• **What to produce**
All entries below are to be set down again exactly as given.

Data entries:

(* Let $\Omega\subset\mathbb{R}^2$ be open and bounded with Lipschitz boundary, let $f\in L^\infty(\Omega)$, $\lambda_1,\lambda_2>0$, and let $$\mathcal{A}=\{u\in L^1(\Omega):\ \log u\in L^1(\Omega)\},\qquad \mathcal{B}=\{v\in L^2(\Omega):\ v\le f \text{ a.e.}\}.$$ Let $u\in BV(\Omega)\cap\mathcal{A}$. Then the minimisation problem $$\inf_{v\in L^2(\Omega)\cap\mathcal{B}}\Big\{\frac{\lambda_1}{2}\|v\|_{L^2(\Omega)}^2+\lambda_2\, D_{KL}(f-v,u)\Big\}$$ admits a minimiser, and this minimiser is unique.
   Context: For nonnegative $\varphi,\psi\in L^1(\Omega)$ the Kullback–Leibler functional is $D_{KL}(\varphi,\psi)=\int_\Omega\big(\psi-\varphi+\varphi\log(\varphi/\psi)\big)\,dx\in[0,+\infty]$, with the convention $0\log 0=0$. Note that $u\in\mathcal{A}$ forces $u\ge 0$ a.e. (so that $\log u$ is defined). $BV(\Omega)$ denotes the space of functions of bounded variation. *)

theory Defs
  imports "HOL-Analysis.Analysis"
begin

definition Lp2 :: "(real^2) set \<Rightarrow> (real^2 \<Rightarrow> real) \<Rightarrow> bool" where
  "Lp2 \<Omega> v \<longleftrightarrow> v \<in> borel_measurable (lebesgue_on \<Omega>) \<and> integrable (lebesgue_on \<Omega>) (\<lambda>x. (v x)^2)"

definition Linfty :: "(real^2) set \<Rightarrow> (real^2 \<Rightarrow> real) \<Rightarrow> bool" where
  "Linfty \<Omega> f \<longleftrightarrow> f \<in> borel_measurable (lebesgue_on \<Omega>) \<and> (\<exists>C. AE x in lebesgue_on \<Omega>. \<bar>f x\<bar> \<le> C)"

definition lipschitz_boundary :: "(real^2) set \<Rightarrow> bool" where
  "lipschitz_boundary \<Omega> \<longleftrightarrow>
    (\<forall>p\<in>frontier \<Omega>. \<exists>r>0. \<exists>R g L. orthogonal_transformation (R :: real^2 \<Rightarrow> real^2) \<and> L-lipschitz_on UNIV (g :: real \<Rightarrow> real) \<and>
        (\<forall>x\<in>ball p r. x \<in> \<Omega> \<longleftrightarrow> (R x) $ 2 < g ((R x) $ 1)))"

definition test_field :: "(real^2) set \<Rightarrow> (real^2 \<Rightarrow> real^2) \<Rightarrow> (real^2 \<Rightarrow> real^2^2) \<Rightarrow> bool" where
  "test_field \<Omega> \<phi> D \<longleftrightarrow>
     (\<forall>x. (\<phi> has_derivative (\<lambda>h. D x *v h)) (at x)) \<and> continuous_on UNIV D \<and>
     compact (closure {x. \<phi> x \<noteq> 0}) \<and> closure {x. \<phi> x \<noteq> 0} \<subseteq> \<Omega> \<and> (\<forall>x. norm (\<phi> x) \<le> 1)"

definition divergence :: "(real^2 \<Rightarrow> real^2^2) \<Rightarrow> real^2 \<Rightarrow> real" where
  "divergence D x = (\<Sum>i\<in>UNIV. D x $ i $ i)"

definition total_variation :: "(real^2) set \<Rightarrow> (real^2 \<Rightarrow> real) \<Rightarrow> ereal" where
  "total_variation \<Omega> u =
     (SUP (\<phi>, D)\<in>{(\<phi>, D). test_field \<Omega> \<phi> D}.
        ereal (integral\<^sup>L (lebesgue_on \<Omega>) (\<lambda>x. u x * divergence D x)))"

definition BV :: "(real^2) set \<Rightarrow> (real^2 \<Rightarrow> real) \<Rightarrow> bool" where
  "BV \<Omega> u \<longleftrightarrow> integrable (lebesgue_on \<Omega>) u \<and> total_variation \<Omega> u < \<infinity>"

text \<open>The class A: u in L^1, u > 0 a.e. (so log u is defined), log u in L^1.\<close>
definition A_class :: "(real^2) set \<Rightarrow> (real^2 \<Rightarrow> real) \<Rightarrow> bool" where
  "A_class \<Omega> u \<longleftrightarrow> integrable (lebesgue_on \<Omega>) u \<and> (AE x in lebesgue_on \<Omega>. u x > 0)
      \<and> integrable (lebesgue_on \<Omega>) (\<lambda>x. ln (u x))"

• **Exercise answer**
(* Let $\Omega\subset\mathbb{R}^2$ be open and bounded with Lipschitz boundary, let $f\in L^\infty(\Omega)$, $\lambda_1,\lambda_2>0$, and let $$\mathcal{A}=\{u\in L^1(\Omega):\ \log u\in L^1(\Omega)\},\qquad \mathcal{B}=\{v\in L^2(\Omega):\ v\le f \text{ a.e.}\}.$$ Let $u\in BV(\Omega)\cap\mathcal{A}$. Then the minimisation problem $$\inf_{v\in L^2(\Omega)\cap\mathcal{B}}\Big\{\frac{\lambda_1}{2}\|v\|_{L^2(\Omega)}^2+\lambda_2\, D_{KL}(f-v,u)\Big\}$$ admits a minimiser, and this minimiser is unique.
   Context: For nonnegative $\varphi,\psi\in L^1(\Omega)$ the Kullback–Leibler functional is $D_{KL}(\varphi,\psi)=\int_\Omega\big(\psi-\varphi+\varphi\log(\varphi/\psi)\big)\,dx\in[0,+\infty]$, with the convention $0\log 0=0$. Note that $u\in\mathcal{A}$ forces $u\ge 0$ a.e. (so that $\log u$ is defined). $BV(\Omega)$ denotes the space of functions of bounded variation. *)

theory Defs
  imports "HOL-Analysis.Analysis"
begin

definition Lp2 :: "(real^2) set \<Rightarrow> (real^2 \<Rightarrow> real) \<Rightarrow> bool" where
  "Lp2 \<Omega> v \<longleftrightarrow> v \<in> borel_measurable (lebesgue_on \<Omega>) \<and> integrable (lebesgue_on \<Omega>) (\<lambda>x. (v x)^2)"

definition Linfty :: "(real^2) set \<Rightarrow> (real^2 \<Rightarrow> real) \<Rightarrow> bool" where
  "Linfty \<Omega> f \<longleftrightarrow> f \<in> borel_measurable (lebesgue_on \<Omega>) \<and> (\<exists>C. AE x in lebesgue_on \<Omega>. \<bar>f x\<bar> \<le> C)"

definition lipschitz_boundary :: "(real^2) set \<Rightarrow> bool" where
  "lipschitz_boundary \<Omega> \<longleftrightarrow>
    (\<forall>p\<in>frontier \<Omega>. \<exists>r>0. \<exists>R g L. orthogonal_transformation (R :: real^2 \<Rightarrow> real^2) \<and> L-lipschitz_on UNIV (g :: real \<Rightarrow> real) \<and>
        (\<forall>x\<in>ball p r. x \<in> \<Omega> \<longleftrightarrow> (R x) $ 2 < g ((R x) $ 1)))"

definition test_field :: "(real^2) set \<Rightarrow> (real^2 \<Rightarrow> real^2) \<Rightarrow> (real^2 \<Rightarrow> real^2^2) \<Rightarrow> bool" where
  "test_field \<Omega> \<phi> D \<longleftrightarrow>
     (\<forall>x. (\<phi> has_derivative (\<lambda>h. D x *v h)) (at x)) \<and> continuous_on UNIV D \<and>
     compact (closure {x. \<phi> x \<noteq> 0}) \<and> closure {x. \<phi> x \<noteq> 0} \<subseteq> \<Omega> \<and> (\<forall>x. norm (\<phi> x) \<le> 1)"

definition divergence :: "(real^2 \<Rightarrow> real^2^2) \<Rightarrow> real^2 \<Rightarrow> real" where
  "divergence D x = (\<Sum>i\<in>UNIV. D x $ i $ i)"

definition total_variation :: "(real^2) set \<Rightarrow> (real^2 \<Rightarrow> real) \<Rightarrow> ereal" where
  "total_variation \<Omega> u =
     (SUP (\<phi>, D)\<in>{(\<phi>, D). test_field \<Omega> \<phi> D}.
        ereal (integral\<^sup>L (lebesgue_on \<Omega>) (\<lambda>x. u x * divergence D x)))"

definition BV :: "(real^2) set \<Rightarrow> (real^2 \<Rightarrow> real) \<Rightarrow> bool" where
  "BV \<Omega> u \<longleftrightarrow> integrable (lebesgue_on \<Omega>) u \<and> total_variation \<Omega> u < \<infinity>"

text \<open>The class A: u in L^1, u > 0 a.e. (so log u is defined), log u in L^1.\<close>
definition A_class :: "(real^2) set \<Rightarrow> (real^2 \<Rightarrow> real) \<Rightarrow> bool" where
  "A_class \<Omega> u \<longleftrightarrow> integrable (lebesgue_on \<Omega>) u \<and> (AE x in lebesgue_on \<Omega>. u x > 0)
      \<and> integrable (lebesgue_on \<Omega>) (\<lambda>x. ln (u x))"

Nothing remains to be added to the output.